Паша пробыл в Калязине пять лет — кончил городское учьлище, приобвык писать красиво и быстро, как положено человеку за конторкой, и Варвара Ивановна отвезла его в Москву. Он теперь жил у Викула Морозова: отрабатывал за пенсион больному папеньке мальчишкой без жалованья, при хозяйских харчах. И исправно писал длинные письма: чисто, без помарок, как на службе. И старался втиснуть в них все, что представляло хоть малейший интерес для родителей и брата.

Первые робкие шаги на жизненном поприще он сделал успешно. Викул Морозов отметил его рвение и скоро положил ему денежное довольствие — харчевое и за переписку бумаг — десять рублей в месяц.

Получались письма в Калязине, и вновь там наплывала тоска по Белокаменной. Читали эти письма днем, перечитывали вечером, возвращались к ним в другие дни, хвалили Пашу, спорили и все толковали о том, как отвезут Витю в Москву, сдадут его на руки Викулу и, наконец, тронутся в путь сами.

А Паша писал, и писал, и бередил душу:

«Христос воскресе! Милые папаша, мамаша и брат Витя, поздравляю вас с праздником, целую вас крепко-крепко; желаю вам в радости и в добром здоровье провести праздник.

Мы кончили торговать в пятницу, в пять часов. Я, как приехал из конторы, сию же минуту пошел в церковь, думал, что священник будет исповедовать после вечерни, а он ушел отдыхать. Я решил встать в субботу пораньше. Так и сделал; поднялся в два часа и отправился в церковь. Заутреня началась через час. Я отстоял ее, перед обедней исповедовался и за обедней причастился. У нас вместе с двоюродной сестрой хозяйки живет ее (т. е. двоюродной сестры хозяйки) мужа брата жена. Она тоже наша, церковная. Она сделала кулич и пасху, а я освятил, и мы вместе с ней разговелись. А то бы мне, пожалуй, не пришлось и разговеться.

Потом я поздравил хозяев, и они велели мне сидеть в прихожей. Никак нельзя было уйти: все конторщики разъехались по домам, а с почты и с посыльными все время приносили визитные карточки, и нужно было сейчас же отсылать ответ. Вот я и писал ответы господам и купцам. Скучно мне не было, я запасся книгами и читал от раннего утра до поздней ночи так, что не ходил обедать (мне вынесли с кухни кусок пирога с чаем), и в один день прочел три книги по четыреста с лишним страниц в каждой.

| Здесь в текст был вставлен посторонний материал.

(* Let $m \ge 2$ and $n \ge 2m+1$ be integers, and write $p_j = n-2m+2j$. Then for every real $r$ with $|r|<1$, $$\int_{-1}^1 \frac{U_n(s)(1-s^2)^{m-\frac{1}{2}}}{(s-r)^4}\,ds = (-1)^{m}\left(\frac{1}{2}\right)^{2m+1}\frac{1}{3}\frac{\pi}{(1-r^2)^2}\sum_{j=0}^{2m-2}(-1)^j\binom{2m-2}{j}(p_j+3)\Big\{(p_j+4)(p_j+5)U_{p_j}(r)-\big[2p_j^2+12p_j+10\big]U_{p_j+2}(r)+(p_j+2)(p_j+1)U_{p_j+4}(r)\Big\},$$ where the integral is a Hadamard finite-part integral.
   Context: $U_k(s)=\frac{\sin((k+1)\cos^{-1}s)}{\sin(\cos^{-1}s)}$ is the Tchebyshev polynomial of the second kind. For a positive integer $\alpha\ge 2$ and $|r|<1$, the integral $\int_{-1}^1 \frac{D(s)}{(s-r)^\alpha}ds$ is understood in the Hadamard finite-part sense; in particular it satisfies $\int_{-1}^1 \frac{D(s)}{(s-r)^{\alpha}}ds=\frac{1}{\alpha-1}\frac{d}{dr}\int_{-1}^1\frac{D(s)}{(s-r)^{\alpha-1}}ds$, where for $\alpha-1=1$ the right-hand integral is a Cauchy principal value. $\binom{a}{j}=\frac{a!}{j!(a-j)!}$. *)

theory Defs
  imports "HOL-Analysis.Analysis"
begin

definition chebU :: "nat \<Rightarrow> real \<Rightarrow> real" where
  "chebU k s = sin ((real k + 1) * arccos s) / sin (arccos s)"

definition cpv_int :: "(real \<Rightarrow> real) \<Rightarrow> real \<Rightarrow> real" where
  "cpv_int D r = Lim (at_right 0)
     (\<lambda>e. integral {-1..r-e} (\<lambda>s. D s / (s - r)) + integral {r+e..1} (\<lambda>s. D s / (s - r)))"

text \<open>Hadamard finite-part integral of D(s)/(s-r)^alpha over [-1,1], alpha >= 1,
  defined recursively: order 1 is the Cauchy principal value, and
  order alpha = 1/(alpha-1) * d/dr of order alpha-1.\<close>
fun hadamard_fp :: "nat \<Rightarrow> (real \<Rightarrow> real) \<Rightarrow> real \<Rightarrow> real" where
  "hadamard_fp (Suc 0) D r = cpv_int D r"
| "hadamard_fp (Suc (Suc k)) D r = deriv (hadamard_fp (Suc k) D) r / (real k + 1)"

end

theory Submission
  imports Defs
begin
(* Let $m\geq 1$, let $\Lambda_m,\Delta_m\subseteq\mathbb{R}^{2^m}$ and $\Lambda_{m+1}\subseteq\mathbb{R}^{2^{m+1}}$ be the lattices defined below, and let $\iota,\tau:\mathbb{Z}^{2^m}\to\mathbb{Z}^{2^{m+1}}$ be the maps defined below. Then $\Lambda_{m+1}=\{\iota(\ell)+\iota(d)+\tau(\ell)\mid \ell\in\Lambda_m,\ d\in\Delta_m\}$.
   Context: For $n\ge 1$ let $\mathcal{V}_n=\mathbb{F}_2^n$ and let $(e_v\mid v\in\mathcal{V}_n)$ be an orthonormal basis of $\mathbb{R}^{2^n}$ indexed by $\mathcal{V}_n$; let $\Gamma_n=\langle e_v\mid v\in\mathcal{V}_n\rangle_{\mathbb{Z}}$. For $\mathcal{U}\subseteq\mathcal{V}_n$ put $x_{\mathcal{U}}=\sum_{v\in\mathcal{U}}e_v$. Define $\Lambda_n=\langle 2^{\lfloor (n-r)/2\rfloor}x_{\mathcal{U}} \mid 0\le r\le n,\ \mathcal{U}\text{ an affine subspace of }\mathcal{V}_n,\ \dim\mathcal{U}=r\rangle_{\mathbb{Z}}$ and $\Delta_n=\langle 2^{\lfloor (n-r+1)/2\rfloor}x_{\mathcal{U}} \mid 0\le r\le n,\ \mathcal{U}\text{ an affine subspace of }\mathcal{V}_n,\ \dim\mathcal{U}=r\rangle_{\mathbb{Z}}$. Fix a basis $(v_1,\dots,v_{m+1})$ of $\mathcal{V}_{m+1}$ and identify $\mathcal{V}_m$ with $\langle v_1,\dots,v_m\rangle$ via the embedding $\iota:\mathcal{V}_m\hookrightarrow\mathcal{V}_{m+1}$; let $\tau:\mathcal{V}_m\to\mathcal{V}_{m+1}$, $v\mapsto v_{m+1}+\iota(v)$, so $\mathcal{V}_{m+1}=\iota(\mathcal{V}_m)\,\dot\cup\,\tau(\mathcal{V}_m)$. Also denote by $\iota,\tau:\Gamma_m\to\Gamma_{m+1}$ the $\mathbb{Z}$-linear maps with $\iota(e_v)=e_{\iota(v)}$ and $\tau(e_v)=e_{\tau(v)}$ for $v\in\mathcal{V}_m$ (isometric embeddings with $\Gamma_{m+1}=\iota(\Gamma_m)\perp\tau(\Gamma_m)$). *)

theory Defs
  imports Main
begin

text \<open>Vectors of F_2^n are represented as subsets of {0..<n} (coordinates equal to 1);
  addition is symmetric difference.\<close>

definition Vsp :: "nat \<Rightarrow> nat set set" where
  "Vsp n = Pow {..<n}"

definition vadd :: "nat set \<Rightarrow> nat set \<Rightarrow> nat set" where
  "vadd a c = (a - c) \<union> (c - a)"

text \<open>F_2-linear combination: sum of the vectors b i for i in S.\<close>
definition lincomb :: "(nat \<Rightarrow> nat set) \<Rightarrow> nat set \<Rightarrow> nat set" where
  "lincomb b S = {x. odd (card {i \<in> S. x \<in> b i})}"

definition affine_sub :: "nat \<Rightarrow> nat \<Rightarrow> nat set set \<Rightarrow> bool" where
  "affine_sub n r U \<longleftrightarrow> (\<exists>a b. a \<in> Vsp n \<and> (\<forall>i<r. b i \<in> Vsp n)
      \<and> inj_on (lincomb b) (Pow {..<r})
      \<and> U = {vadd a (lincomb b S) | S. S \<subseteq> {..<r}})"

text \<open>Vectors of R^{2^n} with integer coordinates indexed by F_2^n (all vectors
  considered lie in Gamma_n); x_U is the indicator vector.\<close>
definition xvec :: "nat set set \<Rightarrow> (nat set \<Rightarrow> int)" where
  "xvec U = (\<lambda>v. if v \<in> U then 1 else 0)"

definition zspan :: "(nat set \<Rightarrow> int) set \<Rightarrow> (nat set \<Rightarrow> int) set" where
  "zspan G = {x. \<exists>F c. finite F \<and> F \<subseteq> G \<and> x = (\<lambda>v. \<Sum>g\<in>F. c g * g v)}"

definition Lam :: "nat \<Rightarrow> (nat set \<Rightarrow> int) set" where
  "Lam n = zspan {(\<lambda>v. 2 ^ ((n - r) div 2) * xvec U v) | r U. r \<le> n \<and> affine_sub n r U}"

definition Del :: "nat \<Rightarrow> (nat set \<Rightarrow> int) set" where
  "Del n = zspan {(\<lambda>v. 2 ^ ((n - r + 1) div 2) * xvec U v) | r U. r \<le> n \<and> affine_sub n r U}"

На второй день карточек не было, я отпросился у Федора Викуловича отдать визит начальнику Александру Ивановичу Сараеву. Но его с семьей не нашел: они переехали на другую квартиру. Говорят, у него теперь шесть комнат, а где — не сказали…

Завтра как раз полгода, как я живу у Морозовых. Вид у меня хороший: мне сшили к пасхе костюм и осеннее пальто. И про деньги не беспокойтесь: неужели же я все свои харчевые буду проедать? Я проедал только по рублю двадцать пять копеек, а когда и меньше, поэтому у меня осталось десять рублей. Я их вышлю, вы положите на мою книжку. Мама пусть знает, что я не испытывал никакого голода, когда проедал пять копеек в день вместо десяти, потому что перед уходом хорошо наедался в хозяйской кухне. Я принял себе за правило: если с этих лет не буду беречь деньги, то в больших годах — и подавно.

Остаюсь любящий и уважающий вас ваш сын и брат П. Ногин. Апрель, 1890 год, Москва.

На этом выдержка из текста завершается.